CN117112549B

CN117112549B - Big data merging method based on bloom filter

Info

Publication number: CN117112549B
Application number: CN202311365012.XA
Authority: CN
Inventors: 代颖超; 张仑; 梁思杰; 牛威
Original assignee: Zhongke Xingtu Measurement And Control Technology Co ltd
Current assignee: Zhongke Xingtu Measurement And Control Technology Co ltd
Priority date: 2023-10-20
Filing date: 2023-10-20
Publication date: 2024-03-26
Anticipated expiration: 2043-10-20
Also published as: CN117112549A

Abstract

The invention discloses a big data merging method based on a bloom filter, which comprises the following steps: s1, adopting Redis to cache syslog log data sent by different devices/hosts in batches; s2, consuming the syslog log data cached in the Redis batch, and obtaining the merged field encryption value of the syslog log data after analyzing and processing the consumed syslog log data; s3, screening the encryption value of the integrated field of the syslog log data by using a bloom filter, and transferring the screened syslog log data to a database; according to the invention, the Redis batch cache syslog log data is used for carrying out the analysis processing of the encrypted value of the merging field, and the merging field is used for reducing a large amount of redundant data in the syslog log data, saving the storage space, reducing the use cost of a database and improving the use efficiency of the database.

Description

Big data merging method based on bloom filter

Technical Field

The invention relates to the technical field of big data merging and storing, in particular to a big data merging method based on a bloom filter.

Background

The recent rapid development of the internet has led humans to enter an era of explosive growth in information content. Everyone's life is filled with structured and unstructured data. With the overall shift of human life to the internet, the big data age will inevitably come, and as the leading edge concept of the global internet, the big data mainly comprises two aspects of characteristics: on the one hand the amount of information in the whole society has grown drastically and on the other hand the information available to individuals has grown exponentially. From the technological development perspective, "big data" is an inevitable product of the trend of "data" -! And as this trend continues to go deep, we will be in the near future in an era of "everything is recorded and everything is digitized".
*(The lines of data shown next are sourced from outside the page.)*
(* Let $G$ be a topological group and $A$ a topological $G$-module. Suppose that for every $p\ge0$ the augmented column complex $0\to A_c^p(G,A)\xrightarrow{\epsilon}A_{lc}^{p,0}(G,A)\xrightarrow{d_v}A_{lc}^{p,1}(G,A)\xrightarrow{d_v}\cdots$ is exact. Then the inclusion $j_v^*\colon C_c^*(G,A)\hookrightarrow\mathrm{Tot}\,A_{lc}^{*,*}(G,A)^G$ induces an isomorphism in cohomology, and for every $p$ the groups $H_{lc}^p(G,A)$, $H^p(\mathrm{Tot}\,A_{lc}^{*,*}(G,A)^G)$ and $H_c^p(G,A)$ are isomorphic.
   Context: A topological $G$-module is an abelian topological group $A$ with an action of $G$ by group automorphisms such that $G\times A\to A$ is continuous. For an identity neighbourhood $U$ of $G$ put $\Gamma_U^0:=G$ and, for $q\ge1$, $\Gamma_U^q:=\{(g_0,\dots,g_q)\in G^{q+1}\mid g_i^{-1}g_j\in U\ \forall i,j\}$. $G$ acts on maps $f\colon G^{n+1}\to A$ by $(g.f)(g_0,\dots,g_n)=g.f(g^{-1}g_0,\dots,g^{-1}g_n)$. With differential $df(g_0,\dots,g_{n+1})=\sum_i(-1)^if(g_0,\dots,\widehat{g_i},\dots,g_{n+1})$: $C_c^n(G,A)$ is the complex of continuous equivariant maps $G^{n+1}\to A$ (cohomology $H_c^n(G,A)$), and $C_{lc}^n(G,A)$ is the complex of equivariant maps whose restriction to $\Gamma_U^n$ is continuous for some identity neighbourhood $U$ (cohomology $H_{lc}^n(G,A)$). $A_c^p(G,A):=C(G^{p+1},A)$. $A_{lc}^{p,q}(G,A)$ is the group of maps $f\colon G^{p+1}\times G^{q+1}\to A$ whose restriction to $G^{p+1}\times\Gamma_U^q$ is continuous for some identity neighbourhood $U$, with $d_hf(x_0,\dots,x_{p+1},\vec y)=\sum_{i}(-1)^if(x_0,\dots,\widehat{x_i},\dots,x_{p+1},\vec y)$ and $d_vf(\vec x,y_0,\dots,y_{q+1})=(-1)^p\sum_i(-1)^if(\vec x,y_0,\dots,\widehat{y_i},\dots,y_{q+1})$. $G$ acts diagonally, $(g.f)(\vec x,\vec y)=g.f(g^{-1}\vec x,g^{-1}\vec y)$; $A_{lc}^{p,q}(G,A)^G$ are the fixed points and $\mathrm{Tot}\,A_{lc}^{*,*}(G,A)^G$ the total complex ($\mathrm{Tot}^n=\bigoplus_{p+q=n}A_{lc}^{p,q}(G,A)^G$, differential $d_h+d_v$). The augmentation is $\epsilon(f)(\vec x,y_0)=f(\vec x)$, and $j_v^p\colon C_c^p(G,A)\to A_{lc}^{p,0}(G,A)^G\subset\mathrm{Tot}^p$ is $j_v(f)(\vec x,y_0)=f(\vec x)$. *)

theory Defs
  imports "HOL-Analysis.Analysis" "HOL-Algebra.Coset"
begin

text \<open>The topological group G is a type 'g of class topological_group_add
(group_add is NOT assumed commutative; the group law is written additively, so
g^{-1} h is written - g + h and the identity is 0).
An (n+1)-tuple (g_0,...,g_n) in G^{n+1} is an extensional function nat => 'g on {..n}
(element of PiE {..n} (%_. UNIV)); G^{n+1} carries the product topology.
Cochains are functions on tuples which vanish outside G^{n+1} (so that they form an
abelian group under pointwise addition with equality being equality of functions).\<close>

definition gc_tuples :: "nat \<Rightarrow> (nat \<Rightarrow> 'g) set" where
  "gc_tuples n = PiE {..n} (\<lambda>_. UNIV)"

definition gc_tuple_top :: "nat \<Rightarrow> (nat \<Rightarrow> 'g::topological_space) topology" where
  "gc_tuple_top n = product_topology (\<lambda>_. euclidean) {..n}"

definition gc_ltrans :: "'g::group_add \<Rightarrow> nat \<Rightarrow> (nat \<Rightarrow> 'g) \<Rightarrow> (nat \<Rightarrow> 'g)" where
  "gc_ltrans g n x = restrict (\<lambda>i. g + x i) {..n}"

text \<open>gc_face n i x: delete the i-th entry of the (n+2)-tuple x, giving an (n+1)-tuple\<close>
definition gc_face :: "nat \<Rightarrow> nat \<Rightarrow> (nat \<Rightarrow> 'g) \<Rightarrow> (nat \<Rightarrow> 'g)" where
  "gc_face n i x = restrict (\<lambda>k. if k < i then x k else x (Suc k)) {..n}"

definition gc_identity_nbhd :: "'g::topological_group_add set \<Rightarrow> bool" where
  "gc_identity_nbhd U \<longleftrightarrow> (\<exists>V. open V \<and> 0 \<in> V \<and> V \<subseteq> U)"

definition gc_Gamma :: "'g::group_add set \<Rightarrow> nat \<Rightarrow> (nat \<Rightarrow> 'g) set" where
  "gc_Gamma U q = (if q = 0 then gc_tuples 0
     else {x \<in> gc_tuples q. \<forall>i\<le>q. \<forall>j\<le>q. - x i + x j \<in> U})"

definition topological_G_module ::
  "('g::topological_group_add \<Rightarrow> 'a::topological_ab_group_add \<Rightarrow> 'a) \<Rightarrow> bool" where
  "topological_G_module act \<longleftrightarrow>
     (\<forall>a. act 0 a = a) \<and> (\<forall>g h a. act (g + h) a = act g (act h a)) \<and>
     (\<forall>g a b. act g (a + b) = act g a + act g b) \<and>
     continuous_on UNIV (\<lambda>p. act (fst p) (snd p))"

definition gc_d :: "nat \<Rightarrow> ((nat \<Rightarrow> 'g) \<Rightarrow> 'a::ab_group_add) \<Rightarrow> (nat \<Rightarrow> 'g) \<Rightarrow> 'a" where
  "gc_d n f = (\<lambda>x. if x \<in> gc_tuples (Suc n)
      then (\<Sum>i\<le>Suc n. if even i then f (gc_face n i x) else - f (gc_face n i x)) else 0)"
lemma zeck_sum_le_cases:
  assumes "zeck_from k S" "zeck_from k T" "2 \<le> k" "sum fib S \<le> sum fib T"
  shows "S = T \<or> sum fib S + fib (k - 1) \<le> sum fib T"
  using assms
proof (induction "card T" arbitrary: S T rule: less_induct)
  case less
  have finS: "finite S" and finT: "finite T" using less.prems by (auto simp: zeck_from_def)
  show ?case
  proof (cases "T = {}")
    case True
    then have "sum fib S = 0" using less.prems(4) by simp
    then show ?thesis using zeck_sum_eq_0_iff[OF less.prems(1)] True by simp
  next
    case False
    define m where "m = Max T"
    have mT: "m \<in> T" and m_max: "\<forall>i\<in>T. i \<le> m" using finT False by (simp_all add: m_def)
    show ?thesis
    proof (cases "m \<in> S")
      case True
      have split: "sum fib S = fib m + sum fib (S - {m})" "sum fib T = fib m + sum fib (T - {m})"
        using finS finT True mT by (simp_all add: sum.remove)
      have "card (T - {m}) < card T" using finT mT by (rule card_Diff1_less)
      then have "S - {m} = T - {m} \<or> sum fib (S - {m}) + fib (k - 1) \<le> sum fib (T - {m})"
        using less.hyps[of "T - {m}" "S - {m}"] less.prems split zeck_from_Diff by simp
      then show ?thesis
      proof
        assume "S - {m} = T - {m}"
        then show ?thesis using True mT by (metis insert_Diff)
      qed (use split in simp)
    next
      case False
      then show ?thesis using zeck_sum_gap_Max_notin less.prems mT m_max by blast
    qed
  qed
qed

lemma zeck_from_sum_inj:
  "zeck_from 2 S \<Longrightarrow> zeck_from 2 T \<Longrightarrow> sum fib S = sum fib T \<Longrightarrow> S = T"
  using zeck_sum_le_cases[of 2 S T] by simp

lemma zeck_rep_iff: "zeck_rep n S \<longleftrightarrow> zeck_from 2 S \<and> sum fib S = n"
  unfolding zeck_rep_def zeck_from_def by auto
(* Let $\Omega\subset\mathbb{R}^2$ be a bounded domain and let $u,v\in C^{2}(\Omega)\cap C^{0}(\bar\Omega)$. For $w\in\{u,v\}$ let $S(w)=\{(x,y)\in\Omega: w_x-y=0,\ w_y+x=0\}$ and on $\Omega\setminus S(w)$ let $N(w)=(w_x-y,\,w_y+x)/\sqrt{(w_x-y)^2+(w_y+x)^2}$. Let $S=S(u)\cup S(v)$. Suppose $\operatorname{div}N(u)\ge\operatorname{div}N(v)$ in $\Omega\setminus S$, $u\le v$ on $\partial\Omega$, and $\mathcal{H}_1(\bar S)=0$, where $\mathcal{H}_1$ is the 1-dimensional Hausdorff measure. Then $u\le v$ in $\Omega$.
   Context: $\operatorname{div}$ denotes the Euclidean divergence in the $xy$-plane. *)

theory Defs
  imports "HOL-Analysis.Analysis"
begin

definition px :: "(real \<times> real \<Rightarrow> real) \<Rightarrow> real \<times> real \<Rightarrow> real" where
  "px w p = deriv (\<lambda>t. w (t, snd p)) (fst p)"

definition py :: "(real \<times> real \<Rightarrow> real) \<Rightarrow> real \<times> real \<Rightarrow> real" where
  "py w p = deriv (\<lambda>t. w (fst p, t)) (snd p)"

definition C1_on :: "(real \<times> real) set \<Rightarrow> (real \<times> real \<Rightarrow> real) \<Rightarrow> bool" where
  "C1_on \<Omega> w \<longleftrightarrow>
     (\<forall>p\<in>\<Omega>. (\<lambda>t. w (t, snd p)) differentiable (at (fst p))
            \<and> (\<lambda>t. w (fst p, t)) differentiable (at (snd p)))
     \<and> continuous_on \<Omega> w \<and> continuous_on \<Omega> (px w) \<and> continuous_on \<Omega> (py w)"

definition C2_on :: "(real \<times> real) set \<Rightarrow> (real \<times> real \<Rightarrow> real) \<Rightarrow> bool" where
  "C2_on \<Omega> w \<longleftrightarrow> C1_on \<Omega> w \<and> C1_on \<Omega> (px w) \<and> C1_on \<Omega> (py w)"

definition div2 :: "(real \<times> real \<Rightarrow> real \<times> real) \<Rightarrow> real \<times> real \<Rightarrow> real" where
  "div2 F p = px (\<lambda>q. fst (F q)) p + py (\<lambda>q. snd (F q)) p"

definition Sing :: "(real \<times> real) set \<Rightarrow> (real \<times> real \<Rightarrow> real) \<Rightarrow> (real \<times> real) set" where
  "Sing \<Omega> w = {p \<in> \<Omega>. px w p - snd p = 0 \<and> py w p + fst p = 0}"

definition Nfield :: "(real \<times> real \<Rightarrow> real) \<Rightarrow> real \<times> real \<Rightarrow> real \<times> real" where
  "Nfield w p = (let a = px w p - snd p; b = py w p + fst p; r = sqrt (a\<^sup>2 + b\<^sup>2)
                 in (a / r, b / r))"

text \<open>One-dimensional Hausdorff measure (normalised so that it equals the sum of diameters):
  H^1(A) = sup_{\<delta>>0} inf { \<Sum> diam C_i : A \<subseteq> \<Union> C_i, diam C_i \<le> \<delta> }.\<close>
definition hausdorff_pre1 :: "real \<Rightarrow> (real \<times> real) set \<Rightarrow> ennreal" where
  "hausdorff_pre1 \<delta> A =
     (INF C \<in> {C :: nat \<Rightarrow> (real \<times> real) set.
                 A \<subseteq> (\<Union>i. C i) \<and> (\<forall>i. bounded (C i) \<and> diameter (C i) \<le> \<delta>)}.
        (\<Sum>i. ennreal (diameter (C i))))"

definition hausdorff1 :: "(real \<times> real) set \<Rightarrow> ennreal" where
  "hausdorff1 A = (SUP \<delta> \<in> {0<..}. hausdorff_pre1 \<delta> A)"

end

theory Submission
  imports Defs
begin

text \<open>Suppose \<open>u - v > 2 \<epsilon>\<close> somewhere and put \<open>excess = ((u - v - \<epsilon>)\<^sub>+)\<^sup>2\<close>, a \<open>C\<^sup>1\<close> function
  supported in the compact set \<open>{u - v \<ge> \<epsilon>} \<subseteq> \<Omega>\<close>, so integrations by parts against it
  have no boundary terms.

  First, \<open>N(u) = N(v)\<close> wherever \<open>u - v > \<epsilon>\<close> off \<open>S\<close>. Test \<open>div N(u) - div N(v) \<ge> 0\<close> against
  \<open>\<psi> \<cdot> excess\<close>, where the cutoff \<open>\<psi>\<close> vanishes near \<open>S\<close>, equals 1 on a given box away from \<open>S\<close>,
  and has \<open>\<integral>|\<nabla>\<psi>|\<close> as small as we like (possible because \<open>H\<^sub>1(closure S) = 0\<close>). Since \<open>|N| \<le> 1\<close>,
  integration by parts bounds \<open>\<integral>\<psi> \<nabla>excess \<cdot> (N(u) - N(v))\<close> by \<open>2 sup excess \<integral>|\<nabla>\<psi>|\<close>;
  as \<open>(a - b) \<cdot> (a/|a| - b/|b|) \<ge> 0\<close> with equality only if \<open>a/|a| = b/|b|\<close>, the integrand
  \<open>\<nabla>excess \<cdot> (N(u) - N(v))\<close> is nonnegative and hence zero.

  Second, \<open>(u\<^sub>x - y, u\<^sub>y + x)\<close> and \<open>(v\<^sub>x - y, v\<^sub>y + x)\<close>, hence also \<open>\<nabla>(u - v)\<close>, are then
  parallel where \<open>u - v > \<epsilon>\<close>, so \<open>excess \<cdot> (u\<^sub>y + x, y - u\<^sub>x)\<close> has divergence \<open>2 \<cdot> excess\<close>.
  Its integral vanishes, so \<open>excess = 0\<close>, contradicting \<open>u - v > 2 \<epsilon>\<close>.\<close>

section \<open>Partial derivatives\<close>

definition has_px :: "(real \<times> real \<Rightarrow> real) \<Rightarrow> real \<Rightarrow> real \<times> real \<Rightarrow> bool" where
  "has_px f d p \<longleftrightarrow> ((\<lambda>t. f (t, snd p)) has_real_derivative d) (at (fst p))"

definition has_py :: "(real \<times> real \<Rightarrow> real) \<Rightarrow> real \<Rightarrow> real \<times> real \<Rightarrow> bool" where
  "has_py f d p \<longleftrightarrow> ((\<lambda>t. f (fst p, t)) has_real_derivative d) (at (snd p))"

lemma has_px_imp_px: "has_px f d p \<Longrightarrow> px f p = d"
  unfolding has_px_def px_def by (rule DERIV_imp_deriv)

lemma has_py_imp_py: "has_py f d p \<Longrightarrow> py f p = d"
  unfolding has_py_def py_def by (rule DERIV_imp_deriv)

lemma C1_on_has_px: "C1_on \<Omega> w \<Longrightarrow> p \<in> \<Omega> \<Longrightarrow> has_px w (px w p) p"
  unfolding C1_on_def has_px_def px_def using DERIV_deriv_iff_real_differentiable by blast

lemma C1_on_has_py: "C1_on \<Omega> w \<Longrightarrow> p \<in> \<Omega> \<Longrightarrow> has_py w (py w p) p"
  unfolding C1_on_def has_py_def py_def using DERIV_deriv_iff_real_differentiable by blast

lemma has_px_unique: "has_px f d p \<Longrightarrow> has_px f e p \<Longrightarrow> d = e"
  unfolding has_px_def using DERIV_unique by blast

lemma has_py_unique: "has_py f d p \<Longrightarrow> has_py f e p \<Longrightarrow> d = e"
  unfolding has_py_def using DERIV_unique by blast

lemma has_px_transform_within_open:
  assumes "has_px f d p" "open U" "p \<in> U" "\<And>q. q \<in> U \<Longrightarrow> f q = g q"
  shows "has_px g d p"
proof -
  have "continuous_on UNIV (\<lambda>t. (t, snd p))"
    by (intro continuous_intros)
  then have "open ((\<lambda>t. (t, snd p)) -` U)"
    using assms(2) continuous_on_open_vimage[OF open_UNIV] by auto
  with assms show ?thesis
    unfolding has_px_def
    by (intro has_field_derivative_transform_within_open[of "\<lambda>t. f (t, snd p)" d "fst p" _ "\<lambda>t. g (t, snd p)"]) auto
qed
text \<open>Traceless matrices preserving the line \<open>ker n\<close> are simultaneously triangular with
  diagonals \<open>(u, -u)\<close> and \<open>(v, -v)\<close>, so their product has the double eigenvalue \<open>u v\<close>.\<close>
lemma disc22_mmul22_traceless_stabilizers:
  assumes n: "mmul22 n n = (0, 0, 0, 0)" "n \<noteq> (0, 0, 0, 0)" "tr22 n = 0"
    and x: "tr22 x = 0" "mmul22 (mmul22 n x) n = (0, 0, 0, 0)"
    and y: "tr22 y = 0" "mmul22 (mmul22 n y) n = (0, 0, 0, 0)"
  shows "disc22 (mmul22 x y) = 0"
proof -
  obtain n1 n2 n3 where n_def: "n = (n1, n2, n3, - n1)"
    using n(3) by (cases n) (auto simp: add_eq_0_iff)
  obtain x1 x2 x3 where x_def: "x = (x1, x2, x3, - x1)"
    using x(1) by (cases x) (auto simp: add_eq_0_iff)
  obtain y1 y2 y3 where y_def: "y = (y1, y2, y3, - y1)"
    using y(1) by (cases y) (auto simp: add_eq_0_iff)
  have disc: "disc22 (mmul22 x y) = (x2 * y3 - x3 * y2)^2 + 4 * (x1 * y2 - x2 * y1) * (x3 * y1 - x1 * y3)"
    by (simp add: x_def y_def disc22_def algebra_simps power2_eq_square)
  show ?thesis
  proof (cases "n2 = 0")
    case False
    define u where "u = n1 / n2"
    have n1: "n1 = u * n2"
      using False by (simp add: u_def)
    have "n2 * n2 * (x3 - (u * u * x2 - 2 * u * x1)) = 0"
      using x(2) by (simp add: n_def x_def n1 algebra_simps)
    then have x3: "x3 = u * u * x2 - 2 * u * x1"
      using False by simp
    have "n2 * n2 * (y3 - (u * u * y2 - 2 * u * y1)) = 0"
      using y(2) by (simp add: n_def y_def n1 algebra_simps)
    then have y3: "y3 = u * u * y2 - 2 * u * y1"
      using False by simp
    show ?thesis
      unfolding disc x3 y3 by (simp add: power2_eq_square algebra_simps)
  next
    case True
    then have "n1 = 0" "n3 \<noteq> 0"
      using n(1,2) by (auto simp: n_def)
    then have "x2 = 0" "y2 = 0"
      using x(2) y(2) True by (auto simp: n_def x_def y_def)
    then show ?thesis
      by (simp add: disc)
  qed
qed

lemma char_5_two_ne_zero:
  assumes "(5::'a::ring_1) = 0"
  shows "(2::'a) \<noteq> 0"
proof
  assume two: "(2::'a) = 0"
  have "(1::'a) = 5 - 2 * 2"
    by simp
  also have "\<dots> = 0"
    by (simp only: assms two mult_zero_left diff_zero)
  finally show False
    by simp
qed

lemma PGL2_char_5_normalizing_involutions_product:
  fixes c s t :: "'k::field mat22 set"
  assumes five: "(5::'k) = 0"
    and c: "c \<in> carrier PGL2" "c [^]\<^bsub>PGL2\<^esub> (5::nat) = \<one>\<^bsub>PGL2\<^esub>" "c \<noteq> \<one>\<^bsub>PGL2\<^esub>"
    and s: "s \<in> carrier PGL2" "s \<otimes>\<^bsub>PGL2\<^esub> s = \<one>\<^bsub>PGL2\<^esub>" "s \<noteq> \<one>\<^bsub>PGL2\<^esub>"
      "s \<otimes>\<^bsub>PGL2\<^esub> c \<otimes>\<^bsub>PGL2\<^esub> inv\<^bsub>PGL2\<^esub> s \<in> generate PGL2 {c}"
    and t: "t \<in> carrier PGL2" "t \<otimes>\<^bsub>PGL2\<^esub> t = \<one>\<^bsub>PGL2\<^esub>" "t \<noteq> \<one>\<^bsub>PGL2\<^esub>"
      "t \<otimes>\<^bsub>PGL2\<^esub> c \<otimes>\<^bsub>PGL2\<^esub> inv\<^bsub>PGL2\<^esub> t \<in> generate PGL2 {c}"
  shows "(s \<otimes>\<^bsub>PGL2\<^esub> t) [^]\<^bsub>PGL2\<^esub> (5::nat) = \<one>\<^bsub>PGL2\<^esub>"
proof -
  have two: "(2::'k) \<noteq> 0"
    using five by (rule char_5_two_ne_zero)
  obtain m where m: "det22 m \<noteq> 0" "c = pclass m"
    using c(1) unfolding PGL2_carrier by blast
  obtain x where x: "det22 x \<noteq> 0" "s = pclass x"
    using s(1) unfolding PGL2_carrier by blast
  obtain y where y: "det22 y \<noteq> 0" "t = pclass y"
    using t(1) unfolding PGL2_carrier by blast
  have disc: "disc22 m = 0"
    using PGL2_pow_5_char_5[OF five m(1)] c(2,3) unfolding m(2) by simp
  let ?n = "traceless22 m"
  have n_nonzero: "?n \<noteq> (0, 0, 0, 0)"
  proof
    assume "?n = (0, 0, 0, 0)"
    then obtain e where "m = (e, 0, 0, e)"
      using traceless22_eq_0_iff[OF two] by blast
    with m c(3) show False
      by (auto simp: pclass_eq_one_iff)
  qed
  have n_square: "mmul22 ?n ?n = (0, 0, 0, 0)"
    using disc by (simp add: traceless22_square)
  have n_tr: "tr22 ?n = 0"
    by (cases m) simp
  have x_tr: "tr22 x = 0" and y_tr: "tr22 y = 0"
    using PGL2_involution_traceless[of x] PGL2_involution_traceless[of y] s(2,3) t(2,3) x(2) y(2)
    by simp_all
  have "mmul22 (mmul22 ?n x) ?n = (0, 0, 0, 0)"
    using PGL2_normalizer_cyclic_square_zero[OF m(1) x(1) disc] s(4) m(2) x(2) by simp
  moreover have "mmul22 (mmul22 ?n y) ?n = (0, 0, 0, 0)"
    using PGL2_normalizer_cyclic_square_zero[OF m(1) y(1) disc] t(4) m(2) y(2) by simp
  ultimately have "disc22 (mmul22 x y) = 0"
    using disc22_mmul22_traceless_stabilizers[OF n_square n_nonzero n_tr x_tr _ y_tr] by blast
  moreover have "det22 (mmul22 x y) \<noteq> 0"
    using x y by (simp add: det22_mmul22)
  ultimately show ?thesis
    using PGL2_pow_5_char_5[OF five, of "mmul22 x y"] x(2) y(2) by (simp add: PGL2_mult)
qed

lemma PGL2_char_5_not_D5_amalg_Z5_A5:
  fixes H :: "'k::field mat22 set set"
  assumes five: "(5::'k) = 0" and H: "subgroup H PGL2"
  shows "\<not> iso_D5_amalg_Z5_A5 (PGL2\<lparr>carrier := H\<rparr>)"
proof
  interpret PGL2: group "PGL2 :: 'k mat22 set monoid"
    by (rule group_PGL2)
  assume "iso_D5_amalg_Z5_A5 (PGL2\<lparr>carrier := H\<rparr>)"
  then obtain U V where amalg: "internal_amalgam (PGL2\<lparr>carrier := H\<rparr>) U V"
    and dih: "is_dihedral (PGL2\<lparr>carrier := U\<rparr>) 5" and A5: "PGL2\<lparr>carrier := V\<rparr> \<cong> alt_group 5"
    and cyc: "is_cyclic_of_order (PGL2\<lparr>carrier := U \<inter> V\<rparr>) 5"
    unfolding iso_D5_amalg_Z5_A5_def by auto
  have U: "subgroup U PGL2" and V: "subgroup V PGL2"
    using amalg PGL2.incl_subgroup[OF H] unfolding internal_amalgam_def by auto
  obtain c s t where c: "generate PGL2 {c} = U \<inter> V" "c \<in> U \<inter> V"
      "c [^]\<^bsub>PGL2\<^esub> (5::nat) = \<one>\<^bsub>PGL2\<^esub>" "c \<noteq> \<one>\<^bsub>PGL2\<^esub>"
    and s: "s \<in> U - U \<inter> V" "s \<otimes>\<^bsub>PGL2\<^esub> s = \<one>\<^bsub>PGL2\<^esub>" "s \<noteq> \<one>\<^bsub>PGL2\<^esub>"
      "s \<otimes>\<^bsub>PGL2\<^esub> c \<otimes>\<^bsub>PGL2\<^esub> inv\<^bsub>PGL2\<^esub> s \<in> U \<inter> V"
    and t: "t \<in> V - U \<inter> V" "t \<otimes>\<^bsub>PGL2\<^esub> t = \<one>\<^bsub>PGL2\<^esub>" "t \<noteq> \<one>\<^bsub>PGL2\<^esub>"
      "t \<otimes>\<^bsub>PGL2\<^esub> c \<otimes>\<^bsub>PGL2\<^esub> inv\<^bsub>PGL2\<^esub> t \<in> U \<inter> V"
    by (rule PGL2.D5_A5_involutions_normalizing_Z5[OF U V dih A5 cyc])
  have "c \<in> carrier PGL2" "s \<in> carrier PGL2" "t \<in> carrier PGL2"
    using c(2) s(1) t(1) U V subgroup.subset by blast+
  then have "(s \<otimes>\<^bsub>PGL2\<^esub> t) [^]\<^bsub>PGL2\<^esub> (5::nat) = \<one>\<^bsub>PGL2\<^esub>"
    using PGL2_char_5_normalizing_involutions_product[OF five] c s t by simp
  moreover have "(s \<otimes>\<^bsub>PGL2\<^esub> t) [^]\<^bsub>PGL2\<^esub> (5::nat) \<noteq> \<one>\<^bsub>PGL2\<^esub>"
    using internal_amalgam_mult_pow_ne_one[OF amalg s(1) t(1), of 5]
    by (simp flip: PGL2.nat_pow_consistent)
  ultimately show False
    by contradiction
qed

theorem lemma2p3:
  fixes v :: "'k::field \<Rightarrow> real" and \<Gamma> :: "'k mat22 set set" and g :: nat
  assumes "nonarch_valued_field v"
    and "CHAR('k) = 0 \<longrightarrow> residue_char v = 0 \<or> residue_char v > 5"
    and "schottky_group v \<Gamma> g"
    and "g \<in> {5, 6, 7, 8}"
    and "order (aut_group \<Gamma>) = 12 * (g - 1)"
    and "iso_D5_amalg_Z5_A5 (normalizer_group \<Gamma>)"
  shows "g = 6 \<and> CHAR('k) \<noteq> 5 \<and> aut_group \<Gamma> \<cong> alt_group 5"
proof -
  interpret PGL2: group "PGL2 :: 'k mat22 set monoid"
    by (rule group_PGL2)
  let ?N = "normalizer PGL2 \<Gamma>"
  have \<Gamma>: "subgroup \<Gamma> PGL2" "torsion_free PGL2 \<Gamma>"
    using assms(3) PGL2.free_subgroup_torsion_free
    unfolding schottky_group_def free_subgroup_of_rank_def by blast+
  have N: "subgroup ?N PGL2"
    using PGL2.normalizer_imp_subgroup subgroup.subset[OF \<Gamma>(1)] by blast
  obtain U V where "internal_amalgam (PGL2\<lparr>carrier := ?N\<rparr>) U V"
    and A5: "PGL2\<lparr>carrier := ?N\<rparr>\<lparr>carrier := V\<rparr> \<cong> alt_group 5"
    using assms(6) unfolding iso_D5_amalg_Z5_A5_def normalizer_group_def by blast
  then have V: "subgroup V (PGL2\<lparr>carrier := ?N\<rparr>)"
    unfolding internal_amalgam_def by blast
  have "torsion_free (PGL2\<lparr>carrier := ?N\<rparr>) \<Gamma>"
    using \<Gamma>(2) by (simp add: torsion_free_def flip: PGL2.nat_pow_consistent)
  note part1 = group.torsion_free_Mod_alt_group_5[OF PGL2.subgroup_imp_group[OF N]
      PGL2.subgroup_in_normalizer[OF \<Gamma>(1)] this V A5 _ assms(4)]
  have "CHAR('k) \<noteq> 5"
  proof
    assume "CHAR('k) = 5"
    then have "(5::'k) = 0"
      using of_nat_CHAR[where 'a='k] by simp
    then show False
      using PGL2_char_5_not_D5_amalg_Z5_A5[OF _ N] assms(6) by (simp add: normalizer_group_def)
  qed
  then show ?thesis
    using part1 assms(5) by (simp add: aut_group_def normalizer_group_def)
qed

end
In the big data age, the amount of data generated in various fields has been increasing explosively. Data accumulates at a staggering rate from social media, sensor data, to online transactions and cloud storage. These data contain valuable information and insight, and in this context efficient storage of large data and good analytical exploitation is becoming increasingly urgent. The data analysis capability determines the quality and success/failure of the value discovery process in the big data. The most important difference between data collection, analysis, storage and past data analysis in the big data age is the dramatic increase in data volume. The demands for storage, querying and analysis of data are rapidly increasing due to the increasing amount of data. The big data age requires efficient data processing and analysis methods, and the traditional mode is from data receiving, preprocessing to data merging and storing, and risks of redundant data, data loss, cache penetration and service downtime exist.

Patent document CN103116599a discloses a method for removing fast redundancy of urban mass data stream based on improved Bloom Filter structure, and the method is related to a method for removing redundancy data based on Bloom Filter structure; but it focuses on redundancy removal after data set storage by the Bloom Filter structure, and does not take advantage of the Bloom Filter screening approach.

Disclosure of Invention

The invention aims to provide a bloom filter-based big data merging method, which solves the problems of reduced data processing efficiency, data loss, cache penetration and service downtime caused by a large amount of redundant data when big data is processed.

The aim of the invention can be achieved by the following technical scheme: a big data merging method based on a bloom filter comprises the following steps:

s1, adopting Redis to cache syslog log data sent by different devices/hosts in batches;

s2, consuming the syslog log data cached in the Redis batch, and obtaining the merged field encryption value of the syslog log data after analyzing and processing the consumed syslog log data;

s3, screening the encryption value of the integrated field of the syslog log data by using a bloom filter, and transferring the screened syslog log data to a database.

Further: the step of screening the encrypted value of the syslog log data merging field by using a bloom filter in the S3 is as follows:

s31, searching whether a corresponding merging field encryption value exists in the bloom filter for the passed syslog log data by the bloom filter;

s32, when the merging field encryption value does not exist in the bloom filter, searching whether the data which is the same as the merging field exists in the database, updating the data if the data exists, and updating the data to the database if the data does not exist; and storing the merge field encryption value into a bloom filter and a Redis;

s33, when the merging field encryption value exists in the bloom filter, updating the data which are the same as the merging field in the database;

s34, repeating S31-S33 to finish the consumption syslog log data screening process.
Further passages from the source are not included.